Contudo, o equilíbrio se desfaz quando dois advogados da firma morrem de maneira misteriosa. Mitch, inicialmente, não se importa com isso, porém uma série de ocorrências e um encontro com um agente do FBI (Ed Harris) irão contribuir para que Mitch comece a investigar os podres da firma, que possui ligações com a Máfia e aparenta estar envolvida em casos de assassinato e corrupção.

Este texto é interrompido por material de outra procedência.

(* Let $P,Q\in\mathbb P_d$ and $R=\big((1-t)P+tQ\big)^{-1}$ for some $t\in[0,1]$. Then $\operatorname{F}_R(P,Q)=\operatorname{F}^{\mathrm M}(P,Q)$.
   Context: $\mathbb P_d$ is the set of $d\times d$ complex positive definite matrices; $A\#B:=A^{1/2}(A^{-1/2}BA^{-1/2})^{1/2}A^{1/2}$. The generalized fidelity is $\operatorname{F}_R(P,Q):=\operatorname{Tr}\big[\sqrt{R^{1/2}PR^{1/2}}\,R^{-1}\sqrt{R^{1/2}QR^{1/2}}\big]$, and the Matsumoto fidelity is $\operatorname{F}^{\mathrm M}(P,Q):=\operatorname{Tr}[P\#Q]$. *)

theory Defs
  imports "HOL-Analysis.Analysis"
begin

text \<open>Complex d x d matrices are modelled as complex^'n^'n for a finite index type 'n (d = CARD('n)).\<close>

definition cadjoint :: "complex^'n^'m \<Rightarrow> complex^'m^'n" where
  "cadjoint A = (\<chi> i j. cnj (A $ j $ i))"

definition qform :: "complex^'n^'n \<Rightarrow> complex^'n \<Rightarrow> complex" where
  "qform A x = (\<Sum>i\<in>UNIV. cnj (x $ i) * (A *v x) $ i)"

definition pos_def :: "complex^'n^'n \<Rightarrow> bool" where
  "pos_def A \<longleftrightarrow> cadjoint A = A \<and>
     (\<forall>x. x \<noteq> 0 \<longrightarrow> Im (qform A x) = 0 \<and> Re (qform A x) > 0)"

definition pos_semidef :: "complex^'n^'n \<Rightarrow> bool" where
  "pos_semidef A \<longleftrightarrow> cadjoint A = A \<and>
     (\<forall>x. Im (qform A x) = 0 \<and> Re (qform A x) \<ge> 0)"

definition msqrt :: "complex^'n^'n \<Rightarrow> complex^'n^'n" where
  "msqrt A = (THE B. pos_semidef B \<and> B ** B = A)"

definition mgeo :: "complex^'n^'n \<Rightarrow> complex^'n^'n \<Rightarrow> complex^'n^'n" where
  "mgeo A B = msqrt A ** msqrt (matrix_inv (msqrt A) ** B ** matrix_inv (msqrt A)) ** msqrt A"

definition gen_fidelity :: "complex^'n^'n \<Rightarrow> complex^'n^'n \<Rightarrow> complex^'n^'n \<Rightarrow> complex" where
  "gen_fidelity R P Q = trace (msqrt (msqrt R ** P ** msqrt R) ** matrix_inv R **
                               msqrt (msqrt R ** Q ** msqrt R))"

definition matsumoto_fidelity :: "complex^'n^'n \<Rightarrow> complex^'n^'n \<Rightarrow> complex" where
  "matsumoto_fidelity P Q = trace (mgeo P Q)"

end

theory Submission
  imports Defs
begin

text \<open>
  Put \<open>S = (1 - t) P + t Q = R\<^sup>-\<^sup>1\<close>, \<open>X = R\<^sup>1\<^sup>/\<^sup>2 P R\<^sup>1\<^sup>/\<^sup>2\<close> and \<open>Y = R\<^sup>1\<^sup>/\<^sup>2 Q R\<^sup>1\<^sup>/\<^sup>2\<close>.
  Then \<open>(1 - t) X + t Y = R\<^sup>1\<^sup>/\<^sup>2 S R\<^sup>1\<^sup>/\<^sup>2 = 1\<close>, so \<open>X\<close> and \<open>Y\<close> commute and are diagonalised
  by one unitary. By cyclicity of the trace, \<open>F\<^sub>R(P,Q) = Tr[X\<^sup>1\<^sup>/\<^sup>2 S Y\<^sup>1\<^sup>/\<^sup>2] = Tr[X\<^sup>1\<^sup>/\<^sup>2 Y\<^sup>1\<^sup>/\<^sup>2 S]\<close>.
  On the other side, \<open>A # B\<close> is the unique positive semidefinite solution \<open>G\<close> of the
  Riccati equation \<open>G A\<^sup>-\<^sup>1 G = B\<close>. Hence the geometric mean is invariant under congruence
  and equals \<open>X\<^sup>1\<^sup>/\<^sup>2 Y\<^sup>1\<^sup>/\<^sup>2\<close> for commuting \<open>X, Y\<close>, so that
  \<open>P # Q = R\<^sup>-\<^sup>1\<^sup>/\<^sup>2 (X # Y) R\<^sup>-\<^sup>1\<^sup>/\<^sup>2\<close> has trace \<open>Tr[X\<^sup>1\<^sup>/\<^sup>2 Y\<^sup>1\<^sup>/\<^sup>2 S]\<close> as well.
\<close>

section \<open>Inner product and adjoint\<close>

definition cinner :: "complex^'n \<Rightarrow> complex^'n \<Rightarrow> complex" where
  "cinner x y = (\<Sum>i\<in>UNIV. cnj (x$i) * y$i)"

lemma qform_cinner: "qform A x = cinner x (A *v x)"
  by (simp add: qform_def cinner_def)

lemma scaleR_vec_nth: "((c::real) *\<^sub>R (x::complex^'n)) $ i = complex_of_real c * x$i"
  by (simp only: vector_scaleR_component) (simp add: scaleR_conv_of_real)

lemma scaleR_mat_nth: "((c::real) *\<^sub>R (A::complex^'n^'m)) $ i $ j = complex_of_real c * A$i$j"
  by (simp only: vector_scaleR_component) (simp add: scaleR_conv_of_real)

lemma scaleR_as_smult: "(c::real) *\<^sub>R (x::complex^'n) = complex_of_real c *s x"
  by (simp add: vec_eq_iff scaleR_vec_nth del: vector_scaleR_component)

lemma cnj_mult_self: "cnj z * z = (complex_of_real (cmod z))^2"
  by (subst mult.commute) (simp add: complex_norm_square[symmetric])

lemma cadjoint_nth [simp]: "cadjoint A $ i $ j = cnj (A $ j $ i)"
  by (simp add: cadjoint_def)

lemma cadjoint_cadjoint [simp]: "cadjoint (cadjoint A) = A"
  by (simp add: vec_eq_iff)

lemma cadjoint_mult: "cadjoint (A ** B) = cadjoint B ** cadjoint (A::complex^'n^'m)"
  by (simp add: vec_eq_iff matrix_matrix_mult_def mult.commute)

lemma cadjoint_mat [simp]: "cadjoint (mat (complex_of_real c) :: complex^'n^'n) = mat (complex_of_real c)"
  by (simp add: vec_eq_iff mat_def)

lemma cadjoint_mat_1 [simp]: "cadjoint (mat 1 :: complex^'n^'n) = mat 1"
  using cadjoint_mat[of 1] by simp

lemma cadjoint_add: "cadjoint (A + B) = cadjoint A + cadjoint (B::complex^'n^'m)"
  by (simp add: vec_eq_iff)

lemma cadjoint_diff: "cadjoint (A - B) = cadjoint A - cadjoint (B::complex^'n^'m)"
  by (simp add: vec_eq_iff)

lemma cadjoint_scaleR: "cadjoint (c *\<^sub>R A) = c *\<^sub>R cadjoint (A::complex^'n^'m)"
  by (simp add: vec_eq_iff scaleR_mat_nth del: vector_scaleR_component)

lemma matrix_add_rdistrib: "((B::'a::semiring_1^'n^'m) + C) ** A = B ** A + C ** A"
  by (simp add: vec_eq_iff matrix_matrix_mult_def distrib_right sum.distrib)

lemma cinner_cadjoint: "cinner x (A *v y) = cinner (cadjoint A *v x) y"
proof -
  have "cinner x (A *v y) = (\<Sum>i\<in>UNIV. \<Sum>j\<in>UNIV. cnj (x$i) * (A$i$j * y$j))"
    by (simp add: cinner_def matrix_vector_mult_def sum_distrib_left)
  also have "\<dots> = (\<Sum>j\<in>UNIV. \<Sum>i\<in>UNIV. cnj (x$i) * (A$i$j * y$j))"
    by (rule sum.swap)
  also have "\<dots> = cinner (cadjoint A *v x) y"
    unfolding cinner_def matrix_vector_mult_def cadjoint_def
    by (simp add: sum_distrib_left mult_ac)
  finally show ?thesis .
qed

lemma cinner_hermitian: "cadjoint A = A \<Longrightarrow> cinner x (A *v y) = cinner (A *v x) y"
  by (metis cinner_cadjoint)

lemma cinner_commute: "cinner y x = cnj (cinner x y)"
  by (simp add: cinner_def mult.commute)

lemma cinner_add_right: "cinner x (y + z) = cinner x y + cinner x z"
  by (simp add: cinner_def distrib_left sum.distrib)

lemma cinner_add_left: "cinner (x + y) z = cinner x z + cinner y z"
  by (simp add: cinner_def distrib_right sum.distrib)

lemma cinner_diff_right: "cinner x (y - z) = cinner x y - cinner x z"
  by (simp add: cinner_def right_diff_distrib sum_subtractf)

lemma cinner_scale_right: "cinner x (c *s y) = c * cinner x y"
  by (simp add: cinner_def sum_distrib_left mult_ac)

lemma cinner_scale_left: "cinner (c *s x) y = cnj c * cinner x y"
  by (simp add: cinner_def sum_distrib_left mult_ac)

lemma cinner_zero_right [simp]: "cinner x 0 = 0"
  by (simp add: cinner_def)

lemma cinner_self: "cinner x x = complex_of_real ((norm x)^2)"
proof -
  have "cinner x x = (\<Sum>i\<in>UNIV. complex_of_real ((norm (x$i))^2))"
    unfolding cinner_def by (intro sum.cong refl) (simp add: cnj_mult_self)
  also have "\<dots> = complex_of_real (\<Sum>i\<in>UNIV. (norm (x$i))^2)" by simp
  also have "(\<Sum>i\<in>UNIV. (norm (x$i))^2) = (norm x)^2"
    by (simp add: norm_vec_def L2_set_def sum_nonneg)
  finally show ?thesis .
qed

lemma cinner_self_eq_0 [simp]: "cinner x x = 0 \<longleftrightarrow> x = 0"
  by (simp add: cinner_self)

lemma qform_add: "qform (A + B) x = qform A x + qform B x"
  unfolding qform_cinner by (simp add: matrix_vector_mult_add_rdistrib cinner_add_right)

lemma qform_scaleR_left: "qform (c *\<^sub>R A) x = complex_of_real c * qform A x"
  unfolding qform_def
  by (simp add: matrix_vector_mult_def sum_distrib_left mult_ac scaleR_mat_nth del: vector_scaleR_component)

lemma qform_scaleR_right: "qform A (c *\<^sub>R x) = complex_of_real (c^2) * qform A x"
  unfolding qform_cinner scaleR_as_smult
  by (simp add: vector_scalar_commute cinner_scale_left cinner_scale_right power2_eq_square)

lemma qform_congruence: "qform (cadjoint C ** M ** C) x = qform M (C *v x)"
  unfolding qform_cinner
  by (simp add: matrix_vector_mul_assoc[symmetric] cinner_cadjoint[of x "cadjoint C"])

A Firma possui uma história envolvente com direção segura de Pollack. O elenco inclui, além dos já citados, vários outros grandes atores: Holly Hunter, Hal Holbrook, Gary Busey, Tobin Bell e Steven Hill. O legal é que além de Steven Hill, outro ator da série Lei e Ordem participa do filme: Paul Sorvino. Coincidência ou não, vale pelo menos um comentário, pois Lei e Ordem é uma série jurídica, que iniciou mais ou menos naquela época, 1990.


Um detalhe que me agradou na produção foi a trilha sonora composta e interpretada por Dave Grusin que já colaborou com Pollack na trilha sonora de Os Três Dias do Condor, Totsie e outros filmes do diretor. Aqui, ele entrega um jazz muito atraente que combinou com a história e o tom de investigação/perseguição que predomina no filme.


A Firma é interessante também por seu melhor que a obra original. Eu recentemente li o original e, apesar da trama envolvente, odiei o desfecho escrito por Grisham. No filme, a conclusão da história é mais inteligente e divertida, superando o material original.


Gostaria de destacar também uma cena que eu adorei: perto do final, quando Mitch está fugindo dos capangas da firma, ele está numa espécie de bondinho enquanto o assassino interpretado por Tobin Bell o vê e começa a correr atrás do bondinho. Essa seqüência me agradou muito por sua montagem ágil e envolvente aliada à trilha sonora bacana.


A Firma é uma obra muito interessante que me agradou profundamente. Se tiver oportunidade e gostar de thrillers bem feitos, assista a esse filme que concorreu a dois Oscars: melhor atriz coadjuvante (Holly Hunter, com seu sotaque sulista perfeito) e melhor música original.


John Grisham e o cinema


O escritor John Grisham já teve vários de seus livros adaptados para o cinema, sendo que o primeiro deles foi justamente A Firma. Depois desse, O Dossiê Pelicano, O Cliente, Tempo de Matar, O Segredo (não é o de auto-ajuda!), O Homem que fazia Chover, O Júri e, por incrível que pareça, Um Natal Muito, Muito Louco!


Por escrever histórias envolventes sobre, principalmente, o mundo dos advogados, podemos esperar mais adaptações envolvendo outros livros dele, com O Advogado, O Recurso e várias outras histórias que, muito provavelmente, se tornarão filmes, sendo estes bons ou ruins.